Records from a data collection
=== Begin Enclosure ===
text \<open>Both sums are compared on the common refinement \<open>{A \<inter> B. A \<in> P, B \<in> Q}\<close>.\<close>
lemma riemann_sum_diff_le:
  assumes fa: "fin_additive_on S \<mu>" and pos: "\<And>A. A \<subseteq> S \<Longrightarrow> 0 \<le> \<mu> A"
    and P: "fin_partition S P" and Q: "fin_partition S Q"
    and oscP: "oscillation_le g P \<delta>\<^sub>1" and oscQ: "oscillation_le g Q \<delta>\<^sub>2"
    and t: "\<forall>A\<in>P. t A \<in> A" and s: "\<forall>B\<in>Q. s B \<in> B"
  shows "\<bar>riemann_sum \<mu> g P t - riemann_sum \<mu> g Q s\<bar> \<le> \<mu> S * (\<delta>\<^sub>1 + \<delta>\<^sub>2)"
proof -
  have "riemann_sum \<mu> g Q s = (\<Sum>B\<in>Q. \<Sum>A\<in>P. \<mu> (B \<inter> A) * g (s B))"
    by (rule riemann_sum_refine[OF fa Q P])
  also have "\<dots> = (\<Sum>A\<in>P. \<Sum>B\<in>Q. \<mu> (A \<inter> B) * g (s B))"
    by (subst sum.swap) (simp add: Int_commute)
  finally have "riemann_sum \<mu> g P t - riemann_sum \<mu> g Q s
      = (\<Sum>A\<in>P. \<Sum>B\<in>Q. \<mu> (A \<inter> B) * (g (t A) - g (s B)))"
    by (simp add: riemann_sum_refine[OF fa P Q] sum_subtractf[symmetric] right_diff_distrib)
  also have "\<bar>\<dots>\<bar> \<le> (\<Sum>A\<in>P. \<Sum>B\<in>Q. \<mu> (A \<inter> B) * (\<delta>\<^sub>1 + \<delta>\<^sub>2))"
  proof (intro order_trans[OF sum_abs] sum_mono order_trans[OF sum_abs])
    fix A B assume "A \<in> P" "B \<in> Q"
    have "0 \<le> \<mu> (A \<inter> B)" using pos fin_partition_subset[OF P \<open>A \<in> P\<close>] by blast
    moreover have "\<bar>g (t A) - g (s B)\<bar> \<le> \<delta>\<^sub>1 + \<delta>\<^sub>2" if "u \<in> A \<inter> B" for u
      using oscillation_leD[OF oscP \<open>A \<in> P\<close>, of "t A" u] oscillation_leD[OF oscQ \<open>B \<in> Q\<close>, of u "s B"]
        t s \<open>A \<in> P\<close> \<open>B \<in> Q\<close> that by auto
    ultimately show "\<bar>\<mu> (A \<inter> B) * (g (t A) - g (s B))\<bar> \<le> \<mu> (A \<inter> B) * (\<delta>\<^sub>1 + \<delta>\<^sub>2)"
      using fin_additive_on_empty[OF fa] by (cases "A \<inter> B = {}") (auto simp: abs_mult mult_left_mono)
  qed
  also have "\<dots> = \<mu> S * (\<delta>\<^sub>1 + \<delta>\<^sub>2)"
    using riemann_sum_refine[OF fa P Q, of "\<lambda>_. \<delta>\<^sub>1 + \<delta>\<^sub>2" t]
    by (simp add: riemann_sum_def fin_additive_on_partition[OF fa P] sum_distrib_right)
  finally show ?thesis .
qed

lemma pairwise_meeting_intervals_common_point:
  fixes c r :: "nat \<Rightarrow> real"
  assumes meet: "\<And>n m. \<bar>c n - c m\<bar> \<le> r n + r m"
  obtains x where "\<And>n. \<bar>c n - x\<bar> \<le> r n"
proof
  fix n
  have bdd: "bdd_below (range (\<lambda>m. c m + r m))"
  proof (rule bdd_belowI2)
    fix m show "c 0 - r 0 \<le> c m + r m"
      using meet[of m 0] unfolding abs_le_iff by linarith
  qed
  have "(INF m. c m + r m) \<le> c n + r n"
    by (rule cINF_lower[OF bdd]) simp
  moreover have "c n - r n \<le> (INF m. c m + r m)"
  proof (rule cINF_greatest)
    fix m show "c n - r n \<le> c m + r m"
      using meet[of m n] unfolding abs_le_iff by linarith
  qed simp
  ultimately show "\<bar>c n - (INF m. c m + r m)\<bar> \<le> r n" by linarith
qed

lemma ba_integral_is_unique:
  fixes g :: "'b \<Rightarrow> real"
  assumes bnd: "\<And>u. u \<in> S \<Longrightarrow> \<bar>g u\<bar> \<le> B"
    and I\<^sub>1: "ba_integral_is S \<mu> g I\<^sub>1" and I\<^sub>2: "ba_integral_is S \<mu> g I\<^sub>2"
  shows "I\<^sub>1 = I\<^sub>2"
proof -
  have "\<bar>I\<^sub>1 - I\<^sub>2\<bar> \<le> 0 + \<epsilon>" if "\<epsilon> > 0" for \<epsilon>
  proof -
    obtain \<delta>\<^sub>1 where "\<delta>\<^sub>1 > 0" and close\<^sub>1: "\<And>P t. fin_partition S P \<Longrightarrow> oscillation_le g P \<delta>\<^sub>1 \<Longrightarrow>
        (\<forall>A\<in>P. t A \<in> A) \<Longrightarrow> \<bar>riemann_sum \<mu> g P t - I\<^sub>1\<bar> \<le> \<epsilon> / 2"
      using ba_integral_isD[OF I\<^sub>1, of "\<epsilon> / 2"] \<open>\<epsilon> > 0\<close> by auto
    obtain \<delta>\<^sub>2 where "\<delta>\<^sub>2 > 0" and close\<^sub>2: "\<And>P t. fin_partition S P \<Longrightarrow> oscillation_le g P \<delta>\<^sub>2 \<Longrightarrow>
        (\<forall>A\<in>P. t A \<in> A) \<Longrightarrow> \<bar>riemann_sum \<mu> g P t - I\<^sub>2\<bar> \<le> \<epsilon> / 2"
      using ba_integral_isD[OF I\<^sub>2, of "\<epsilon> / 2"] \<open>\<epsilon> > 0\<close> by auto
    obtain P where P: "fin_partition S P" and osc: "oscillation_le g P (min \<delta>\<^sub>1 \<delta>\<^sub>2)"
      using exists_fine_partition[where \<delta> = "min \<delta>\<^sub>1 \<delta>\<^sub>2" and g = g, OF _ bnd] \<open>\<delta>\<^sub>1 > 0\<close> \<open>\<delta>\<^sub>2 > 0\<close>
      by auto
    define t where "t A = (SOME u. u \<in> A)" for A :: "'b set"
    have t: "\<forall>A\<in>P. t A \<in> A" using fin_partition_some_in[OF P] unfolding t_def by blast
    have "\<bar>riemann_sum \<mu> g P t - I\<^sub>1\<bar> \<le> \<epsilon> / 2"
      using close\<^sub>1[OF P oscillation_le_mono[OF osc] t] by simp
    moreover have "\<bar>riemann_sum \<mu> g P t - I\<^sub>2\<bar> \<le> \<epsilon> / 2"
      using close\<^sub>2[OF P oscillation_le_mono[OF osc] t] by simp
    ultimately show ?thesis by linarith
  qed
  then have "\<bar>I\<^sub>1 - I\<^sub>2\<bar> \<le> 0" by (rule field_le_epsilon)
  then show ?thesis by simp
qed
=== End Enclosure ===
Work order. Give the number of lines above that hold "thesis", with no other words.

Reply. 3